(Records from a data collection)
──────────────────────────────
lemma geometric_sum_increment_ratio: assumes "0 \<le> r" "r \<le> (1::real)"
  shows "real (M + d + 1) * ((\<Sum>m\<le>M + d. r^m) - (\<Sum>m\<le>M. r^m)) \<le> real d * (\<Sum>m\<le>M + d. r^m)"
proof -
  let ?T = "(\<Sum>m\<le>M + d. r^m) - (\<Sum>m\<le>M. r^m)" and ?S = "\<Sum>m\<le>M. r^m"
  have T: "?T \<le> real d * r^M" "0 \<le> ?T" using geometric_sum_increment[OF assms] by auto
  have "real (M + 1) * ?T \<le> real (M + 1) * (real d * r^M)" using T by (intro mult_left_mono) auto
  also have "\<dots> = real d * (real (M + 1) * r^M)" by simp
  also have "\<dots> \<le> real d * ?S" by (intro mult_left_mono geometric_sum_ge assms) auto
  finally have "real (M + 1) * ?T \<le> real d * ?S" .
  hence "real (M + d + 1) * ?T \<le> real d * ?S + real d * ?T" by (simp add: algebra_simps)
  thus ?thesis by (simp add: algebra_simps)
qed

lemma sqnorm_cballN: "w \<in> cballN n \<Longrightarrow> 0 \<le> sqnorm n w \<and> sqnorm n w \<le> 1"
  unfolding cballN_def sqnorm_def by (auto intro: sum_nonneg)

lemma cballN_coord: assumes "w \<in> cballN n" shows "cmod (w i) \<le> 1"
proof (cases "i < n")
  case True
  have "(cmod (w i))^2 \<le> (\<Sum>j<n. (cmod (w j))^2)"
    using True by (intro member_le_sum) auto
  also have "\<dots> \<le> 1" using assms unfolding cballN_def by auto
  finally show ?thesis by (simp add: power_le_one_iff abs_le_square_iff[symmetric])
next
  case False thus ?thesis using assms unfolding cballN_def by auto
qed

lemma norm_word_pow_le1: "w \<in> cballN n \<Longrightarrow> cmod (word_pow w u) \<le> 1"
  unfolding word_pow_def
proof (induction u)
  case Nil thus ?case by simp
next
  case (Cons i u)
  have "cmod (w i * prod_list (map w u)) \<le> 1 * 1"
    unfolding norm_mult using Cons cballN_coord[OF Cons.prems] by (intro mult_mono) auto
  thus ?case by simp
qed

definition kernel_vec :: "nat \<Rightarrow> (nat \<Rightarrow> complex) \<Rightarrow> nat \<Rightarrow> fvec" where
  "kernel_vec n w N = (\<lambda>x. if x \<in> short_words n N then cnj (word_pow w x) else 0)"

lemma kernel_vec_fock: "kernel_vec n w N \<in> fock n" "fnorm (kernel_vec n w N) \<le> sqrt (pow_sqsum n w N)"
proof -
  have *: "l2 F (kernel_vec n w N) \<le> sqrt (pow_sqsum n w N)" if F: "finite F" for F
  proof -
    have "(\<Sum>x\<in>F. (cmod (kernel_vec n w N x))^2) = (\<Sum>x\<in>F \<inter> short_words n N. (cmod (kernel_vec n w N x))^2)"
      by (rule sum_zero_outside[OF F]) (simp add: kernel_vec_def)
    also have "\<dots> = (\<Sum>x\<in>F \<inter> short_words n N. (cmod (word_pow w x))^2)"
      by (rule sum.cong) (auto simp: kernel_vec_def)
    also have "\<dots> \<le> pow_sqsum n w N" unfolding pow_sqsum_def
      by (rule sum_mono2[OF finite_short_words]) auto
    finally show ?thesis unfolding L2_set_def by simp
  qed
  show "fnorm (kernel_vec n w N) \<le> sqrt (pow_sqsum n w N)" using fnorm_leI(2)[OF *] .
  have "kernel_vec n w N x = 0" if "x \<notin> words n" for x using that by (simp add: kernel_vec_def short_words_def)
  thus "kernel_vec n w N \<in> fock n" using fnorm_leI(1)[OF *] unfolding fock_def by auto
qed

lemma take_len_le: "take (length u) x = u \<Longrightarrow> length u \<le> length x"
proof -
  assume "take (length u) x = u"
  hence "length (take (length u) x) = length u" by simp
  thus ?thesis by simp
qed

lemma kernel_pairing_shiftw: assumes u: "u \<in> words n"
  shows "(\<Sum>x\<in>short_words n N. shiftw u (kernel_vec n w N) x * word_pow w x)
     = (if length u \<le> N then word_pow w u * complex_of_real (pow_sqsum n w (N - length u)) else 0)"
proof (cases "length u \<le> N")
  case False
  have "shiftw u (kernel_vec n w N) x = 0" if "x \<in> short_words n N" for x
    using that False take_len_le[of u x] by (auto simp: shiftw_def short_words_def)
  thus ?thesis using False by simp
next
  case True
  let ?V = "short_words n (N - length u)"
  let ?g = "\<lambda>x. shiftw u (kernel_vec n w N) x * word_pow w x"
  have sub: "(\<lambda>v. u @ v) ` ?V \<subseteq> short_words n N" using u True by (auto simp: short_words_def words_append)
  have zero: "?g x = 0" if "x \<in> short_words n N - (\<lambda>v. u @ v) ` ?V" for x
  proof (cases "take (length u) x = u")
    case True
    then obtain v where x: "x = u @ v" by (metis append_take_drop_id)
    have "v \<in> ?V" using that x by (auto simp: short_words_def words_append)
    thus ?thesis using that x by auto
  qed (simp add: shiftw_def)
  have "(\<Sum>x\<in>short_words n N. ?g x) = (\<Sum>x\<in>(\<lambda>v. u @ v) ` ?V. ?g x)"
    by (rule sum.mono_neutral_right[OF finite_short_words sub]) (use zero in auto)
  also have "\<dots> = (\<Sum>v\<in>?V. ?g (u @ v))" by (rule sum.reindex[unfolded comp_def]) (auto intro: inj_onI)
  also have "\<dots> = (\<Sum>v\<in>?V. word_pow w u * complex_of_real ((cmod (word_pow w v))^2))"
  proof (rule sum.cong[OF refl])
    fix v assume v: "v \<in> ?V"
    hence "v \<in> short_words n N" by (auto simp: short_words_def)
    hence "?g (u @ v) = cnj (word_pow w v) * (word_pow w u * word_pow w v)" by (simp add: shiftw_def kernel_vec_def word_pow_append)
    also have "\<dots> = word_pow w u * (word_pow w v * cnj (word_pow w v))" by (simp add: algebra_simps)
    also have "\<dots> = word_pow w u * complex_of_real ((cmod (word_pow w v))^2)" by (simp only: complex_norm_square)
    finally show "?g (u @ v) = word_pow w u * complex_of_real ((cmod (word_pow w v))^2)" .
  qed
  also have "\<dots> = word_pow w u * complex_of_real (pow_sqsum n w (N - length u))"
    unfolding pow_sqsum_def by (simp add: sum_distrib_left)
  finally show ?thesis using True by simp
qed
──────────────────────────────
All that belongs in the answer is the run of lines above from the line containing "proof (rule sum.cong[OF refl])" through the line containing "shiftw_def kernel_vec_def word_pow_append)", exactly as written.

## RESULT OF THE EXERCISE
  proof (rule sum.cong[OF refl])
    fix v assume v: "v \<in> ?V"
    hence "v \<in> short_words n N" by (auto simp: short_words_def)
    hence "?g (u @ v) = cnj (word_pow w v) * (word_pow w u * word_pow w v)" by (simp add: shiftw_def kernel_vec_def word_pow_append)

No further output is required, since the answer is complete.